Ḥiwālah and Islamic Factoring Revisited : A Maqāṣid al-Sharīʿah–Based Legal Analysis of Debt Transfer in Indonesian Islamic Banking
Abstract
Debt transfer mechanisms play an increasingly significant role in contemporary Islamic finance, particularly in addressing liquidity constraints and managing credit risk. In Indonesia, two principal instruments are employed for this purpose: ḥiwālah, a classical Islamic contract of debt transfer, and Islamic factoring, commonly structured through wakālah bil ujrah. Although these mechanisms are often treated as functionally interchangeable in practice and regulation, their doctrinal foundations, legal implications, and ethical orientations differ substantially. This article revisits ḥiwālah and Islamic factoring through a maqāṣid al-sharīʿah–based legal analysis, examining whether current regulatory and institutional practices genuinely reflect the objectives of Islamic law.
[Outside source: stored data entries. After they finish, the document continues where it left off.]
section \<open>The pseudometric \<open>d_N\<close>\<close>

locale invariant_measure_setting = prob_space lam for lam :: "'a::metric_space measure" +
  fixes G :: "('g, 'm) monoid_scheme" and X X0 :: "'a set" and act :: "'g \<Rightarrow> 'a \<Rightarrow> 'a"
    and N :: "('a \<times> 'a) set"
  assumes compact_X: "compact X"
    and action: "homeo_action G X act"
    and X0_transitive: "X0 \<subseteq> transitive_points G X act"
    and X0_invariant: "G_invariant G act X0"
    and sets_lam: "sets lam = sets (restrict_space borel X)"
    and measure_preserving: "\<forall>g\<in>carrier G. \<forall>A\<in>sets lam. measure lam (act g -` A \<inter> X) = measure lam A"
    and X0_sets: "X0 \<in> sets lam"
    and X0_full: "measure lam X0 = 1"
    and N_family: "N \<in> closed_inv_relations G X act"
begin

abbreviation "sec x \<equiv> rel_section N x"
abbreviation "D \<equiv> d_N lam N"

lemma X0_subset: "X0 \<subseteq> X"
  using X0_transitive unfolding transitive_points_def by blast

lemma closure_orbit_eq: "x \<in> X0 \<Longrightarrow> closure (orbit G act x) = X"
  using X0_transitive unfolding transitive_points_def by blast

lemma act_X0: "g \<in> carrier G \<Longrightarrow> x \<in> X0 \<Longrightarrow> act g x \<in> X0"
  using X0_invariant unfolding G_invariant_def by blast

lemma act_continuous: "g \<in> carrier G \<Longrightarrow> continuous_on X (act g)"
  using action unfolding homeo_action_def by blast

lemma sets_lam_iff: "A \<in> sets lam \<longleftrightarrow> A \<subseteq> X \<and> A \<in> sets borel"
  unfolding sets_lam using compact_imp_closed[OF compact_X]
  by (intro sets_restrict_space_iff) simp
lemma potential_DLB_ge_half:
  assumes "n > 0" "x ! 0"
  shows "1/2 \<le> potential n (DLB n x)"
proof (cases "DLB n x = n")
  case True
  then show ?thesis using assms(1) by (simp add: potential_def)
next
  case False
  then obtain m where m: "m < n div 2" "critical_block x m" by (rule obtain_critical_block)
  show ?thesis
  proof (cases "m = 0")
    case True
    then have "DLB n x = 0" using DLB_critical_block[OF m] assms(2) by simp
    then show ?thesis using assms(1) by (simp add: potential_def)
  next
    case False
    then have "2 \<le> DLB n x"
      using DLB_ge_prefix[of m n x] m unfolding critical_block_def by simp
    then have "real 2 \<le> potential n (DLB n x)" by (intro potential_ge_even DLB_le) auto
    then show ?thesis by simp
  qed
qed

lemma sum_potential_DLB_ge:
  assumes "n > 0"
  shows "card {xs :: bool list. length xs = n} / 4 \<le> (\<Sum>x\<in>{xs. length xs = n}. potential n (DLB n x))"
proof -
  define L where "L = {xs :: bool list. length xs = n}"
  have "(\<Sum>x\<in>L. potential n (DLB n (flip_at x 0))) = (\<Sum>x\<in>L. potential n (DLB n x))"
    by (rule sum.reindex_bij_witness[where i="\<lambda>x. flip_at x 0" and j="\<lambda>x. flip_at x 0"])
       (auto simp: L_def)
  moreover have "1/2 \<le> potential n (DLB n x) + potential n (DLB n (flip_at x 0))" if "x \<in> L" for x
  proof -
    have "x ! 0 \<or> flip_at x 0 ! 0" using that assms by (auto simp: L_def nth_flip_at)
    then show ?thesis
      using potential_DLB_ge_half[OF assms] potential_nonneg[OF DLB_le] by (smt (verit))
  qed
  then have "(\<Sum>x\<in>L. 1/2) \<le> (\<Sum>x\<in>L. potential n (DLB n x) + potential n (DLB n (flip_at x 0)))"
    by (rule sum_mono)
  ultimately show ?thesis unfolding L_def[symmetric] by (simp add: sum.distrib)
qed

lemma average_DLB_runtime_bound:
  fixes C :: real
  assumes "n > 0" "0 < C" "4 * C \<le> n"
  shows "1 + (\<Sum>x\<in>{xs. length xs = n}. real n * (real n - potential n (DLB n x)) / C)
               / card {xs :: bool list. length xs = n}
         \<le> real n ^ 2 / C"
proof -
  define L where "L = {xs :: bool list. length xs = n}"
  define P where "P = (\<Sum>x\<in>L. potential n (DLB n x))"
  have c: "0 < card L" unfolding L_def using card_lists_length_eq[of "UNIV :: bool set" n] by simp
  have "card L / 4 \<le> P" unfolding P_def L_def by (rule sum_potential_DLB_ge[OF assms(1)])
  then have "C * card L \<le> real n * P" using mult_mono[OF assms(3), of "real (card L) / 4" P] by simp
  then have le: "1 \<le> real n * P / (C * card L)" using c assms(2) by (simp add: le_divide_eq)
  have "(\<Sum>x\<in>L. real n * (real n - potential n (DLB n x)) / C) = real n * (card L * n - P) / C"
    unfolding P_def by (simp add: sum_divide_distrib[symmetric] sum_distrib_left[symmetric] sum_subtractf)
  also have "\<dots> / card L = real n ^ 2 / C - real n * P / (C * card L)"
    using c assms(2) by (simp add: field_simps power2_eq_square)
  finally show ?thesis using le unfolding L_def by linarith
qed

lemma scaled_potential_drift:
  fixes n :: nat and \<alpha> :: real
  defines "V \<equiv> \<lambda>x. real n * (real n - potential n (DLB n x)) / C_const \<alpha>"
  assumes "\<alpha> > sqrt 2 + 1" "length y = n" "\<not> is_optimum n (\<lambda>x. real (DLB n x)) y"
  shows "real n \<le> (\<Sum>i<n. accept_prob \<alpha> (real (DLB n y)) (real (DLB n (flip_at y i))) * (V y - V (flip_at y i)))"
proof -
  have "DLB n y \<noteq> n" using assms(3,4) is_optimum_DLB_iff by blast
  then obtain m where "m < n div 2" "critical_block y m" by (rule obtain_critical_block)
  then have "C_const \<alpha> \<le> (\<Sum>i<n. potential_gain \<alpha> n (DLB n y) (DLB n (flip_at y i)))"
    using C_const_le_potential_drift[OF assms(3)] assms(2) by blast
  then have "real n * C_const \<alpha> / C_const \<alpha>
      \<le> real n * (\<Sum>i<n. potential_gain \<alpha> n (DLB n y) (DLB n (flip_at y i))) / C_const \<alpha>"
    using C_const_pos[OF assms(2)] by (intro divide_right_mono mult_left_mono) auto
  also have "\<dots> = (\<Sum>i<n. accept_prob \<alpha> (real (DLB n y)) (real (DLB n (flip_at y i))) * (V y - V (flip_at y i)))"
    unfolding V_def potential_gain_def
    by (simp add: sum_distrib_left sum_divide_distrib algebra_simps diff_divide_distrib)
  finally show ?thesis using C_const_pos[OF assms(2)] by simp
qed

theorem theorem13:
  fixes n :: nat and \<alpha> :: real
  assumes "even n" and "n > 0" and "\<alpha> > sqrt 2 + 1"
  shows "expected_runtime n \<alpha> (\<lambda>x. real (DLB n x)) \<le> ennreal (real n ^ 2 / C_const \<alpha>)"
proof -
  define V where "V x = real n * (real n - potential n (DLB n x)) / C_const \<alpha>" for x
  have "1 < sqrt 2" by simp
  then have \<alpha>: "\<alpha> > 2" "\<alpha> > 1" using assms(3) by linarith+
  have C: "0 < C_const \<alpha>" "C_const \<alpha> \<le> 1 / \<alpha>"
    using C_const_pos[OF assms(3)] C_const_le_inverse[OF \<alpha>(2)] .
  have "1 / \<alpha> < 1 / 2" using \<alpha>(1) by (simp add: field_simps)
  moreover have "2 \<le> n" using assms(1,2) by presburger
  ultimately have C4: "4 * C_const \<alpha> \<le> n" using C by linarith
  have "0 \<le> V y" for y
    unfolding V_def using C potential_le[OF DLB_le] by simp
  with scaled_potential_drift[OF assms(3)]
  have "expected_runtime n \<alpha> (\<lambda>x. real (DLB n x))
      \<le> ennreal (1 + (\<Sum>x\<in>{xs. length xs = n}. V x) / card {xs :: bool list. length xs = n})"
    by (intro expected_runtime_le_average_potential[OF assms(2) \<alpha>(2)]) (auto simp: V_def)
  also have "\<dots> \<le> ennreal (real n ^ 2 / C_const \<alpha>)"
    unfolding V_def using average_DLB_runtime_bound[OF assms(2) C(1) C4] by (rule ennreal_leI)
  finally show ?thesis .
qed

end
Using a normative–comparative methodology, the study analyzes classical fiqh literature, Indonesian Sharīʿah fatwas, banking regulations, and relevant civil law provisions on receivables transfer. The article argues that the regulatory convergence of ḥiwālah and Islamic factoring has produced conceptual ambiguity and potential moral hazard, particularly in risk allocation and remuneration structures. It concludes by proposing a reconceptualization of Islamic factoring as a distinct Sharīʿah-compliant commercial instrument, rather than a mere extension of ḥiwālah, in order to strengthen legal coherence, Sharīʿah governance, and alignment with maqāṣid al-sharīʿah.